● **Dataset extract**:
(* For every $n\ge1$, $\mathbb P(I_n=1)\ge\frac12$, and the inequality is strict for every $n\ge2$.
   Context: Let $\mathcal X=\{A,B,C,D\}$ and let $(X_i)_{i\ge1}$ be the first-order Markov chain on $\mathcal X$ with $\mathbb P(X_1=x)=1/4$ for all $x$ and transitions: from $A$ to $A$ or $C$ w.p. $1/2$ each; from $B$ to $B$ or $D$ w.p. $1/2$ each; from $C$ and from $D$ to each of $A,B,C,D$ w.p. $1/4$. A nonempty string is admissible if all consecutive transitions have positive probability; $\mathcal A$ is the set of admissible nonempty strings; $K(u):=-\log_2\mathbb P(X_1^m=u)$ for $u=x_1^m\in\mathcal A$. Shortlex source code $C$: order nonempty binary strings by length then lexicographically as $b_1,b_2,\dots$; order $\mathcal A$ as $u_1,u_2,\dots$ by increasing $K$, then increasing length, then lexicographically with $A<B<C<D$; set $C(u_j):=b_j$ (the code $C$ is distinct from the symbol $C$). Let $K_n:=K(X_1^n)$, $L_n:=|C(X_1^n)|$ and $I_n:=\mathbf 1\{L_n=K_n-1\}$. *)

theory Defs
  imports Complex_Main
begin

datatype sym = A | B | C | D

fun sym_idx :: "sym \<Rightarrow> nat" where
  "sym_idx A = 0" | "sym_idx B = 1" | "sym_idx C = 2" | "sym_idx D = 3"

definition init :: "sym \<Rightarrow> real" where
  "init x = 1/4"

fun trans :: "sym \<Rightarrow> sym \<Rightarrow> real" where
  "trans A y = (if y = A \<or> y = C then 1/2 else 0)"
| "trans B y = (if y = B \<or> y = D then 1/2 else 0)"
| "trans C y = 1/4"
| "trans D y = 1/4"

fun path_prob :: "sym \<Rightarrow> sym list \<Rightarrow> real" where
  "path_prob x [] = 1"
| "path_prob x (y # ys) = trans x y * path_prob y ys"

fun str_prob :: "sym list \<Rightarrow> real" where
  "str_prob [] = 1"
| "str_prob (x # xs) = init x * path_prob x xs"

definition admissible :: "sym list \<Rightarrow> bool" where
  "admissible u \<longleftrightarrow> u \<noteq> [] \<and> (\<forall>i. Suc i < length u \<longrightarrow> trans (u ! i) (u ! Suc i) > 0)"

definition Kc :: "sym list \<Rightarrow> real" where
  "Kc u = - log 2 (str_prob u)"

definition sym_lex_less :: "sym list \<Rightarrow> sym list \<Rightarrow> bool" where
  "sym_lex_less v u \<longleftrightarrow> (map sym_idx v, map sym_idx u) \<in> lexord {(a, b). a < b}"

definition adm_prec :: "sym list \<Rightarrow> sym list \<Rightarrow> bool" where
  "adm_prec v u \<longleftrightarrow> Kc v < Kc u \<or> (Kc v = Kc u \<and> (length v < length u \<or>
      (length v = length u \<and> sym_lex_less v u)))"

definition adm_index :: "sym list \<Rightarrow> nat" where
  "adm_index u = card {v. admissible v \<and> adm_prec v u} + 1"

text \<open>Shortlex order on binary strings (False = 0 < True = 1).\<close>
definition bin_prec :: "bool list \<Rightarrow> bool list \<Rightarrow> bool" where
  "bin_prec v w \<longleftrightarrow> length v < length w \<or>
     (length v = length w \<and> (v, w) \<in> lexord {(a, b). a < b})"

definition bin_index :: "bool list \<Rightarrow> nat" where
  "bin_index w = card {v. v \<noteq> [] \<and> bin_prec v w} + 1"

text \<open>The shortlex source code: C(u_j) = b_j.\<close>
definition code :: "sym list \<Rightarrow> bool list" where
  "code u = (THE w. w \<noteq> [] \<and> bin_index w = adm_index u)"

text \<open>I_n = 1 iff L_n = K_n - 1, where L_n = |C(X_1^n)| and K_n = K(X_1^n);
  its probability is the sum of P(X_1^n = u) over (admissible) u of length n with this property.\<close>
definition prob_I :: "nat \<Rightarrow> real" where
  "prob_I n = (\<Sum>u\<in>{u. length u = n \<and> admissible u}.
      if real (length (code u)) = Kc u - 1 then str_prob u else 0)"

end
lemma paragon_iff_mult_compatible: "paragon H h m S \<longleftrightarrow> mult_compatible H h m S"
proof
  assume "paragon H h m S"
  then have closed: "closed_sub_heap H h m (cls a)" if "a \<in> H" for a
    using that unfolding paragon_def by blast
  show "mult_compatible H h m S"
    unfolding mult_compatible_def
  proof (intro allI impI)
    fix a b t assume ab: "rel a b" and t: "t \<in> H"
    have a: "a \<in> H" using ab by (rule sh_rel_carrier)
    have "a \<in> cls a" "b \<in> cls a" using ab a by (simp_all add: mem_canon sh_rel_refl)
    then have "rel (m t b) (m t a) \<and> rel (m b t) (m a t)"
      using closed[OF a] t unfolding closed_sub_heap_canon_iff[OF a] by blast
    then show "rel (m t a) (m t b) \<and> rel (m a t) (m b t)"
      by (simp add: sh_rel_sym)
  qed
next
  assume compatible: "mult_compatible H h m S"
  have "closed_sub_heap H h m (cls a)" if a: "a \<in> H" for a
  proof -
    have "rel (m t s') (m t s) \<and> rel (m s' t) (m s t)"
      if "s \<in> cls a" "s' \<in> cls a" "t \<in> H" for s s' t
    proof -
      have "rel s' s" using that(1,2) unfolding mem_canon by (meson sh_rel_sym sh_rel_trans)
      then show ?thesis using compatible that(3) unfolding mult_compatible_def by blast
    qed
    then show ?thesis unfolding closed_sub_heap_canon_iff[OF a] by blast
  qed
  then show "paragon H h m S"
    unfolding paragon_def using normal by blast
qed

end

theorem theorem3p14:
  fixes T :: "'a set" and h :: "'a \<Rightarrow> 'a \<Rightarrow> 'a \<Rightarrow> 'a" and m :: "'a \<Rightarrow> 'a \<Rightarrow> 'a"
    and P :: "'a set"
  assumes "pre_truss T h m"
    and "normal_sub_heap T h P"
  shows "(\<exists>\<mu>. pre_truss (quot T h P) (quot_op T h P) \<mu> \<and>
              pre_truss_hom T h m (quot T h P) (quot_op T h P) \<mu> (canon T h P))
         \<longleftrightarrow> paragon T h m P"
proof -
  interpret pre_truss_normal_sub_heap T h P m
    using assms by unfold_locales (simp_all add: pre_truss_def)
  show ?thesis
    using pre_truss_quot pre_truss_hom_canon mult_compatible_if_pre_truss_hom
      paragon_iff_mult_compatible by blast
qed

end
lemma minimizer_is_eigenvector:
  assumes lower: "\<And>w. \<mu> * norm2 w \<le> energy w" and "energy v = \<mu> * norm2 v"
    and "s \<subseteq> {1..N}"
  shows "ham_re v s = \<mu> * v s"
proof -
  define r where "r s = ham_re v s - \<mu> * v s" for s
  have "2 * (\<Sum>s\<in>Pow {1..N}. w s * r s) = 0" for w
  proof (rule quadratic_nonneg_imp_linear_coeff_zero)
    fix t
    have "0 \<le> energy (\<lambda>s. v s + t * w s) - \<mu> * norm2 (\<lambda>s. v s + t * w s)"
      using lower by simp
    also have "\<dots> = 2 * (\<Sum>s\<in>Pow {1..N}. w s * r s) * t + (energy w - \<mu> * norm2 w) * t\<^sup>2"
      unfolding energy_add_scaled norm2_add_scaled r_def using assms(2)
      by (simp add: algebra_simps sum_subtractf sum_distrib_left)
    finally show "0 \<le> 2 * (\<Sum>s\<in>Pow {1..N}. w s * r s) * t + (energy w - \<mu> * norm2 w) * t\<^sup>2" .
  qed
  then have "norm2 r = 0"
    unfolding norm2_def by (simp add: power2_eq_square)
  then show ?thesis
    using assms(3) by (simp add: norm2_eq_0_iff r_def)
qed

lemma normalize_on_Pow:
  assumes "norm2 w \<noteq> 0"
  obtains u where "\<And>s. \<not> s \<subseteq> {1..N} \<Longrightarrow> u s = 0" "norm2 u = 1"
    "energy u = energy w / norm2 w"
proof
  define c where "c = 1 / sqrt (norm2 w)"
  have c2: "c\<^sup>2 * norm2 w = 1"
    using assms norm2_nonneg[of w] by (simp add: c_def power_divide)
  define u where "u s = (if s \<subseteq> {1..N} then c * w s else 0)" for s
  show "\<And>s. \<not> s \<subseteq> {1..N} \<Longrightarrow> u s = 0" by (simp add: u_def)
  have u_on_Pow: "u s = c * w s" if "s \<subseteq> {1..N}" for s
    using that by (simp add: u_def)
  show "norm2 u = 1"
    using c2 norm2_cong[OF u_on_Pow] by (simp add: norm2_scale)
  show "energy u = energy w / norm2 w"
    using c2 assms energy_cong[OF u_on_Pow] by (simp add: energy_scale field_simps)
qed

● **Problem description**:
Reproduce exactly the line bearing "using c2 norm2_cong[OF" and all the lines that come after it in the records above; add nothing.

● **Task result**:
    using c2 norm2_cong[OF u_on_Pow] by (simp add: norm2_scale)
  show "energy u = energy w / norm2 w"
    using c2 assms energy_cong[OF u_on_Pow] by (simp add: energy_scale field_simps)
qed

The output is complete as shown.